Bob Richey

Current position
- Title: Head coach
- Team: Furman
- Conference: SoCon
- Record: 203–94 (.684)

Biographical details
- Born: March 22, 1983 (age 43) New Orleans, Louisiana, U.S.
- Alma mater: North Greenville ('06)

Coaching career (HC unless noted)
- 2006–2011: Charleston Southern (assistant)
- 2011–2017: Furman (assistant)
- 2017–present: Furman

Head coaching record
- Overall: 203–94 (.684)
- Tournaments: 1–2 (NCAA Division I) 0–2 (NIT) 0–1 (CIT)

Accomplishments and honors

Championships
- SoCon regular season (2023) 2 SoCon tournament (2023, 2026)

= Bob Richey =

American basketball coach (born 1983)

Robert McIntire Richey Jr. (born March 22, 1983) is an American college basketball coach and the head coach at Furman.

==Coaching career==
Richey's coaching career began at Charleston Southern in 2006, where he served on Barclay Radebaugh's staff until 2011. He joined the Furman staff under Jeff Jackson in 2011, and was retained as an assistant coach under Niko Medved. He served in the role until 2017, when he was elevated to interim head coach after Medved accepted the head coaching position at Drake. Richey coached the Paladins in their 2017 CollegeInsider.com Postseason Tournament semifinal matchup, in which they fell to St. Peter's. Following the season, the interim tag was lifted and Richey became the 22nd head coach in Furman history.

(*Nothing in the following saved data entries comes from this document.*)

(* Let $h$ be a Hessenberg function on $\{1,\dots,n\}$. For every $d\ge0$, the number of monomials of degree $d$ in $\mathcal{B}_h$ (i.e. the rank of the degree-$d$ part of $R/J_h$) equals the number of $(h,(n))$-fillings with exactly $d$ dimension pairs; the map $\Psi_h$ realizes this as a bijection. Consequently, if $X$ is a regular nilpotent $n\times n$ complex matrix, this number equals $\dim H^{2d}(\mathfrak{H}(X,h))$, the $2d$-th Betti number of the regular nilpotent Hessenberg variety.
   Context: A Hessenberg function is $h:\{1,\dots,n\}\to\{1,\dots,n\}$, $h_i=h(i)$, with $i\le h_i\le n$ and $h_i\le h_{i+1}$. Degree tuple $\beta_i=i-\#\{k:h_k<i\}$. $R=\mathbb{Z}[x_1,\dots,x_n]$; $\tilde e_r(S)$ is the complete homogeneous symmetric polynomial of degree $r$ in variables $S$; $J_h=\langle\tilde e_{\beta_i}(x_i,\dots,x_n): 1\le i\le n\rangle$; $R/J_h$ has $\mathbb{Z}$-basis $\mathcal{B}_h=\{x_1^{\alpha_1}\cdots x_n^{\alpha_n}:0\le\alpha_i\le\beta_i-1\}$. An $(h,(n))$-filling is a permutation $w_1\cdots w_n$ of $1,\dots,n$ in one row with $w_t\le h(w_{t+1})$ for all $t$; a dimension pair is $(a,b)$ with $b>a$, $b$ to the left of $a$, and, if $a$ is immediately followed by $c$, $b\le h(c)$. $\Psi_h(x^\alpha)$ is the Level $n$ word above the leaf $x^\alpha$ in the $h$-tableau-tree (root word $1$; a word on $\{1,\dots,i-1\}$ has children obtained by inserting $i$ at one of the $\beta_i$ gaps keeping $w_t\le h(w_{t+1})$, the child along edge $x_i^j$ using the $(j+1)$-th such gap from the right; leaves labelled by products of edge labels). A regular nilpotent matrix is nilpotent with a single Jordan block; $\mathfrak{H}(X,h)=\{V_1\subset\cdots\subset V_n=\mathbb{C}^n,\ \dim V_i=i : XV_i\subseteq V_{h(i)}\ \forall i\}$. Known fact (Tymoczko): $\dim H^{2d}(\mathfrak{H}(X,h))$ equals the number of $(h,(n))$-fillings with exactly $d$ dimension pairs when $X$ is regular nilpotent. *)

theory Defs
  imports Main
begin
lemma degree_coeff_geometric_sum:
  fixes Z :: "'a::idom poly"
  assumes "degree Z \<le> 1"
  shows "degree (\<Sum>i<k. [:0, 1:] ^ (k - Suc i) * Z ^ i) \<le> k - 1 \<and>
    coeff (\<Sum>i<k. [:0, 1:] ^ (k - Suc i) * Z ^ i) (k - 1) = (\<Sum>i<k. coeff Z 1 ^ i)"
proof -
  have summand: "degree ([:0, 1:] ^ (k - Suc i) * Z ^ i) \<le> k - 1 \<and>
      coeff ([:0, 1:] ^ (k - Suc i) * Z ^ i) (k - 1) = coeff Z 1 ^ i" if "i < k" for i
  proof -
    have X: "degree ([:0, 1:] ^ (k - Suc i) :: 'a poly) \<le> k - Suc i \<and>
        coeff ([:0, 1:] ^ (k - Suc i) :: 'a poly) (k - Suc i) = 1"
      using degree_coeff_power_bound[of "[:0, 1:] :: 'a poly" 1 "k - Suc i"] by simp
    have Zi: "degree (Z ^ i) \<le> i \<and> coeff (Z ^ i) i = coeff Z 1 ^ i"
      using degree_coeff_power_bound[OF assms, of i] by simp
    have "k - 1 = (k - Suc i) + i" using that by simp
    then show ?thesis
      using degree_coeff_mult_bound[OF conjunct1[OF X] conjunct1[OF Zi]] X Zi by simp
  qed
  show ?thesis
    unfolding coeff_sum using summand by (auto intro: degree_sum_le)
qed

lemma homogeneous_parts_divided_difference:
  fixes g :: "'a::field poly"
  assumes deg: "degree g = n" "n \<ge> 1" and monic: "lead_coeff g = 1"
  shows "degree (homogeneous_parts (divided_difference g c)) \<le> n - 1 \<and>
    coeff (homogeneous_parts (divided_difference g c)) (n - 1) = (\<Sum>i<n. [:1, 1:] ^ i)"
proof -
  define Z where "Z = homogeneous_parts (bi_X + bi_Y - bi_const c)"
  define T where "T k = (\<Sum>i<k. [:0, 1:] ^ (k - Suc i) * Z ^ i)" for k
  have "degree Z \<le> 1" "coeff Z 1 = [:1, 1:]"
    unfolding Z_def homogeneous_parts_linear by auto
  then have T: "degree (T k) \<le> k - 1" "coeff (T k) (k - 1) = (\<Sum>i<k. [:1, 1:] ^ i)" for k
    unfolding T_def using degree_coeff_geometric_sum[of Z k] by simp_all
  have "homogeneous_parts (divided_difference g c) = (\<Sum>k\<le>n. bi_const (coeff g k) * T k)"
    unfolding divided_difference_def homogeneous_parts_sum T_def Z_def deg(1)
    by (simp add: homogeneous_parts_sum homogeneous_parts_mult homogeneous_parts_power)
  also have "\<dots> = (\<Sum>k\<le>n. smult [:coeff g k:] (T k))"
    by (simp add: bi_const_def)
  finally have parts: "homogeneous_parts (divided_difference g c) = (\<Sum>k\<le>n. smult [:coeff g k:] (T k))" .
  have "degree (smult [:coeff g k:] (T k)) \<le> n - 1" if "k \<le> n" for k
    using degree_smult_le[of "[:coeff g k:]" "T k"] T(1)[of k] that by linarith
  then have "degree (homogeneous_parts (divided_difference g c)) \<le> n - 1"
    unfolding parts by (intro degree_sum_le) auto
  moreover have "coeff (T k) (n - 1) = 0" if "k < n" for k
  proof (cases "k = 0")
    case False
    then show ?thesis using T(1)[of k] that by (intro coeff_eq_0) linarith
  qed (simp add: T_def)
  then have "coeff (homogeneous_parts (divided_difference g c)) (n - 1)
      = (\<Sum>k\<le>n. if k = n then (\<Sum>i<n. [:1, 1:] ^ i) else 0)"
    unfolding parts coeff_sum coeff_smult
    by (intro sum.cong refl) (use monic deg(1) T(2) in auto)
  ultimately show ?thesis by simp
qed
definition stretched_ideal ::
  "nat \<Rightarrow> 'v set \<Rightarrow> 'a set \<Rightarrow> ('a \<Rightarrow> 'v) \<Rightarrow> ('a \<Rightarrow> 'v) \<Rightarrow> ('v \<times> 'a list \<Rightarrow> 'k::field) set
     \<Rightarrow> (('v + 'a \<times> nat) \<times> ('a \<times> nat) list \<Rightarrow> 'k) set" where
  "stretched_ideal A V E src tgt G = genideal (stretched_path_algebra A V E src tgt) (theta A ` G)"

definition corner_ring :: "('b, 'c) ring_scheme \<Rightarrow> 'b \<Rightarrow> 'b ring" where
  "corner_ring S e =
     \<lparr> carrier = {e \<otimes>\<^bsub>S\<^esub> y \<otimes>\<^bsub>S\<^esub> e | y. y \<in> carrier S},
       monoid.mult = monoid.mult S, one = e, zero = zero S, add = add S \<rparr>"

definition quot_smult ::
  "('p \<Rightarrow> 'k::field, 'c) ring_scheme \<Rightarrow> ('p \<Rightarrow> 'k) set \<Rightarrow> 'k \<Rightarrow> ('p \<Rightarrow> 'k) set \<Rightarrow> ('p \<Rightarrow> 'k) set" where
  "quot_smult R I c X = I +>\<^bsub>R\<^esub> (\<lambda>p. c * (SOME x. x \<in> X) p)"

end

(* The stretching map theta* sends a path of Q to the path of the stretched quiver obtained by
   replacing every arrow alpha by alpha_1 ... alpha_A. It is injective and compatible with
   concatenation and with start and end vertices, so it is a multiplicative embedding of KQ into
   the stretched path algebra taking the unit to epsilon. Its image is exactly the corner
   epsilon KQ~ epsilon: a path of the stretched quiver that starts and ends at old vertices must run
   through every chain w_1 ... w_(A-1) it enters, so it is the stretch of a path of Q.
   It remains to pass to quotients: if theta maps a ring R isomorphically onto a corner e S e, then
   the ideal of S generated by theta G meets e S e exactly in the image of the ideal generated by G,
   hence R / (G) is isomorphic to the corner of S / (theta G) at the class of e. The isomorphism is
   K-linear because theta is. *)

theory Submission
  imports Defs
begin

section \<open>Corner rings\<close>

lemma corner_ring_simps [simp]:
  "x \<otimes>\<^bsub>corner_ring R e\<^esub> y = x \<otimes>\<^bsub>R\<^esub> y"
  "x \<oplus>\<^bsub>corner_ring R e\<^esub> y = x \<oplus>\<^bsub>R\<^esub> y"
  "\<one>\<^bsub>corner_ring R e\<^esub> = e"
  "\<zero>\<^bsub>corner_ring R e\<^esub> = \<zero>\<^bsub>R\<^esub>"
  by (simp_all add: corner_ring_def)

context ring
begin

lemma idem_mult_left:
  "e \<in> carrier R \<Longrightarrow> e \<otimes> e = e \<Longrightarrow> x \<in> carrier R \<Longrightarrow> e \<otimes> (e \<otimes> x) = e \<otimes> x"
  by (simp add: m_assoc[symmetric])

lemma corner_ring_carrier_iff:
  assumes "e \<in> carrier R" "e \<otimes> e = e"
  shows "z \<in> carrier (corner_ring R e) \<longleftrightarrow> z \<in> carrier R \<and> e \<otimes> z \<otimes> e = z"
proof
  assume "z \<in> carrier (corner_ring R e)"
  then obtain y where "y \<in> carrier R" "z = e \<otimes> y \<otimes> e"
    by (auto simp: corner_ring_def)
  with assms show "z \<in> carrier R \<and> e \<otimes> z \<otimes> e = z"
    by (simp add: m_assoc idem_mult_left)
next
  assume "z \<in> carrier R \<and> e \<otimes> z \<otimes> e = z"
  then show "z \<in> carrier (corner_ring R e)"
    unfolding corner_ring_def by (auto intro!: exI[of _ z])
qed

lemma corner_ring_absorb:
  assumes e: "e \<in> carrier R" "e \<otimes> e = e" and "z \<in> carrier (corner_ring R e)"
  shows "e \<otimes> z = z" "z \<otimes> e = z"
proof -
  obtain y where y: "y \<in> carrier R" "z = e \<otimes> y \<otimes> e"
    using assms(3) by (auto simp: corner_ring_def)
  with e show "e \<otimes> z = z" "z \<otimes> e = z"
    by (simp_all add: m_assoc idem_mult_left)
qed

lemma corner_ring_carrier_subset:
  "e \<in> carrier R \<Longrightarrow> carrier (corner_ring R e) \<subseteq> carrier R"
  by (auto simp: corner_ring_def)

lemma ring_corner_ring:
  assumes e: "e \<in> carrier R" "e \<otimes> e = e"
  shows "ring (corner_ring R e)" (is "ring ?C")
proof -
  note carrier_iff = corner_ring_carrier_iff[OF e]
  note in_R = subsetD[OF corner_ring_carrier_subset[OF e(1)]]
  note absorb = corner_ring_absorb[OF e]
  show ?thesis
  proof (rule ringI)
    show "abelian_group ?C"
    proof (rule abelian_groupI)
      fix x y assume "x \<in> carrier ?C" "y \<in> carrier ?C"
      then show "x \<oplus>\<^bsub>?C\<^esub> y \<in> carrier ?C"
        using e by (simp add: carrier_iff l_distr r_distr)
    next
      show "\<zero>\<^bsub>?C\<^esub> \<in> carrier ?C"
        using e by (simp add: carrier_iff)
    next
      fix x assume x: "x \<in> carrier ?C"
      then have "\<ominus> x \<in> carrier ?C"
        using e by (simp add: carrier_iff l_minus r_minus m_assoc)
      with x show "\<exists>y\<in>carrier ?C. y \<oplus>\<^bsub>?C\<^esub> x = \<zero>\<^bsub>?C\<^esub>"
        by (intro bexI[of _ "\<ominus> x"]) (simp_all add: l_neg in_R)
    qed (auto simp: in_R intro: a_assoc a_comm)
    show "monoid ?C"
    proof (rule monoidI)
      fix x y assume x: "x \<in> carrier ?C" and y: "y \<in> carrier ?C"
      then have "e \<otimes> (x \<otimes> y) \<otimes> e = (e \<otimes> x) \<otimes> (y \<otimes> e)"
        using e by (simp add: m_assoc in_R)
      also have "\<dots> = x \<otimes> y"
        using x y by (simp add: absorb)
      finally show "x \<otimes>\<^bsub>?C\<^esub> y \<in> carrier ?C"
        using x y by (simp add: carrier_iff in_R)
    next
      show "\<one>\<^bsub>?C\<^esub> \<in> carrier ?C"
        using e by (simp add: carrier_iff)
    qed (simp_all add: in_R m_assoc absorb)
  qed (simp_all add: in_R l_distr r_distr)
qed

lemma corner_ring_minus:
  assumes e: "e \<in> carrier R" "e \<otimes> e = e" and z: "z \<in> carrier (corner_ring R e)"
  shows "\<ominus>\<^bsub>corner_ring R e\<^esub> z = \<ominus> z"
proof -
  interpret C: ring "corner_ring R e" by (rule ring_corner_ring[OF e])
  have "\<ominus> z \<in> carrier (corner_ring R e)"
    using e z by (simp add: corner_ring_carrier_iff l_minus r_minus)
  with z show ?thesis
    by (intro C.minus_equality) (auto simp: corner_ring_carrier_iff[OF e] l_neg)
qed

lemma ideal_Int_corner_ring:
  assumes e: "e \<in> carrier R" "e \<otimes> e = e" and J: "ideal J R"
  shows "ideal (J \<inter> carrier (corner_ring R e)) (corner_ring R e)"
proof -
  interpret C: ring "corner_ring R e" by (rule ring_corner_ring[OF e])
  interpret J: ideal J R by (rule J)
  show ?thesis
  proof (rule idealI[OF C.ring_axioms])
    show "subgroup (J \<inter> carrier (corner_ring R e)) (add_monoid (corner_ring R e))"
    proof (rule C.add.subgroupI)
      show "J \<inter> carrier (corner_ring R e) \<noteq> {}"
      proof -
        have "\<zero> \<in> carrier (corner_ring R e)"
          using C.zero_closed by simp
        then show ?thesis using J.zero_closed by blast
      qed
    next
      fix a assume "a \<in> J \<inter> carrier (corner_ring R e)"
      then show "\<ominus>\<^bsub>corner_ring R e\<^esub> a \<in> J \<inter> carrier (corner_ring R e)"
        using C.a_inv_closed by (simp add: corner_ring_minus[OF e])
    next
      fix a b assume "a \<in> J \<inter> carrier (corner_ring R e)" "b \<in> J \<inter> carrier (corner_ring R e)"
      then show "a \<oplus>\<^bsub>corner_ring R e\<^esub> b \<in> J \<inter> carrier (corner_ring R e)"
        using C.a_closed by simp
    qed auto
  next
    fix a x assume a: "a \<in> J \<inter> carrier (corner_ring R e)" and x: "x \<in> carrier (corner_ring R e)"
    then have "x \<otimes> a \<in> J" "a \<otimes> x \<in> J"
      using corner_ring_carrier_subset[OF e(1)] by (auto intro: J.I_l_closed J.I_r_closed)
    moreover have "x \<otimes> a \<in> carrier (corner_ring R e)" "a \<otimes> x \<in> carrier (corner_ring R e)"
      using a x C.m_closed by auto
    ultimately show "x \<otimes>\<^bsub>corner_ring R e\<^esub> a \<in> J \<inter> carrier (corner_ring R e)"
      "a \<otimes>\<^bsub>corner_ring R e\<^esub> x \<in> J \<inter> carrier (corner_ring R e)"
      by simp_all
  qed
qed

lemma ideal_corner_sandwich:
  assumes e: "e \<in> carrier R" "e \<otimes> e = e" and K: "ideal K (corner_ring R e)"
  defines "T \<equiv> {y \<in> carrier R. \<forall>a\<in>carrier R. \<forall>b\<in>carrier R. e \<otimes> a \<otimes> y \<otimes> b \<otimes> e \<in> K}"
  shows "ideal T R"
proof -
  interpret K: ideal K "corner_ring R e" by (rule K)
  show ?thesis
  proof (rule idealI[OF ring_axioms])
    show "subgroup T (add_monoid R)"
    proof (rule add.subgroupI)
      show "T \<subseteq> carrier R" "T \<noteq> {}"
        using e additive_subgroup.zero_closed[OF K.is_additive_subgroup]
      by (auto simp: T_def intro!: exI[of _ \<zero>])
    next
      fix y assume y: "y \<in> T"
      have "e \<otimes> a \<otimes> \<ominus> y \<otimes> b \<otimes> e = \<ominus>\<^bsub>corner_ring R e\<^esub> (e \<otimes> a \<otimes> y \<otimes> b \<otimes> e)"
        if "a \<in> carrier R" "b \<in> carrier R" for a b
        using that y e K.a_Hcarr[of "e \<otimes> a \<otimes> y \<otimes> b \<otimes> e"]
        by (simp add: T_def corner_ring_minus l_minus r_minus)
      with y show "\<ominus> y \<in> T"
        by (simp add: T_def)
    next
      fix y z assume "y \<in> T" "z \<in> T"
      then show "y \<oplus> z \<in> T"
        using e additive_subgroup.a_closed[OF K.is_additive_subgroup] by (simp add: T_def l_distr r_distr)
    qed
  next
    fix y x assume "y \<in> T" and x: "x \<in> carrier R"
    then have y: "y \<in> carrier R"
      and yT: "\<And>a b. a \<in> carrier R \<Longrightarrow> b \<in> carrier R \<Longrightarrow> e \<otimes> a \<otimes> y \<otimes> b \<otimes> e \<in> K"
      by (auto simp: T_def)
    have "e \<otimes> a \<otimes> (x \<otimes> y) \<otimes> b \<otimes> e = e \<otimes> (a \<otimes> x) \<otimes> y \<otimes> b \<otimes> e"
      "e \<otimes> a \<otimes> (y \<otimes> x) \<otimes> b \<otimes> e = e \<otimes> a \<otimes> y \<otimes> (x \<otimes> b) \<otimes> e"
      if "a \<in> carrier R" "b \<in> carrier R" for a b
      using that x y e by (simp_all add: m_assoc)
    with x y yT show "x \<otimes> y \<in> T" "y \<otimes> x \<in> T"
      by (simp_all add: T_def)
  qed
qed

Richey prioritizes the retention and development of his players, rather than the acquisition of talent. Under Richey's tutelage, Furman star Jalen Slawson blossomed into the 2023 Southern Conference Men's Basketball Player of the Year and became the first Furman basketball player drafted to the NBA since 1984. Richey's success has led to head coaching interviews with prominent NCAA programs, but thus far he has chosen to remain at Furman.

===2018–19 season===
In his second season as head coach, Richey led the Paladins to wins over two teams that had reached the Final Four of the 2018 NCAA tournament: Loyola Chicago and defending national champion Villanova. Following a school-record 10–0 start, Furman became ranked in the AP Poll for the first time in program history and went on to be ranked for three consecutive weeks. Richey and the Paladins proceeded to win their first 12 games and finish with what was then a school-record 25 wins. Furman was ranked as high as 23rd in the AP poll and was invited to the National Invitation Tournament for the first time since 1991.

=== 2022–2023 season ===
After falling in the Southern Conference championship game the year before, Richey and the Paladins won the 2023 Southern Conference title and qualified for the NCAA tournament for the first time since 1980. Furman went on to shock 4th-ranked Virginia with a last-second steal and three-point shot in the school's second-ever NCAA tournament win, securing a school-record 28 wins and national recognition for Furman University.

==Head coaching record==

- Niko Medved accepted Drake position; Richey coached CIT semifinal game.

Record table
| Season | Team | Overall | Conference | Standing | Postseason |
Furman Paladins (Southern Conference) (2017–present)
| 2016–17 | Furman | 0–1* |  |  | CIT Semifinals |
| 2017–18 | Furman | 23–10 | 13–5 | 3rd |  |
| 2018–19 | Furman | 25–8 | 13–5 | T–3rd | NIT First Round |
| 2019–20 | Furman | 25–7 | 15–3 | 2nd |  |
| 2020–21 | Furman | 16–9 | 10–5 | 3rd |  |
| 2021–22 | Furman | 22–12 | 12–6 | 2nd |  |
| 2022–23 | Furman | 28–8 | 15–3 | T–1st | NCAA Division I Round of 32 |
| 2023–24 | Furman | 17–16 | 10–8 | T–5th |  |
| 2024–25 | Furman | 25–10 | 11–7 | 5th | NIT First Round |
| 2025–26 | Furman | 22–13 | 10–8 | T–5th | NCAA Division I Round of 64 |
| 2026–27 | Furman | 0–0 | 0–0 |  |  |
| Furman: |  | 203–94 (.684) | 109–50 (.686) |  |  |  |  |  |
| Total: |  | 203–94 (.684) |  |  |  |  |  |  |  |

==Personal life==
Richey is a Christian. He is married to Jessica Richey, with whom he has three children.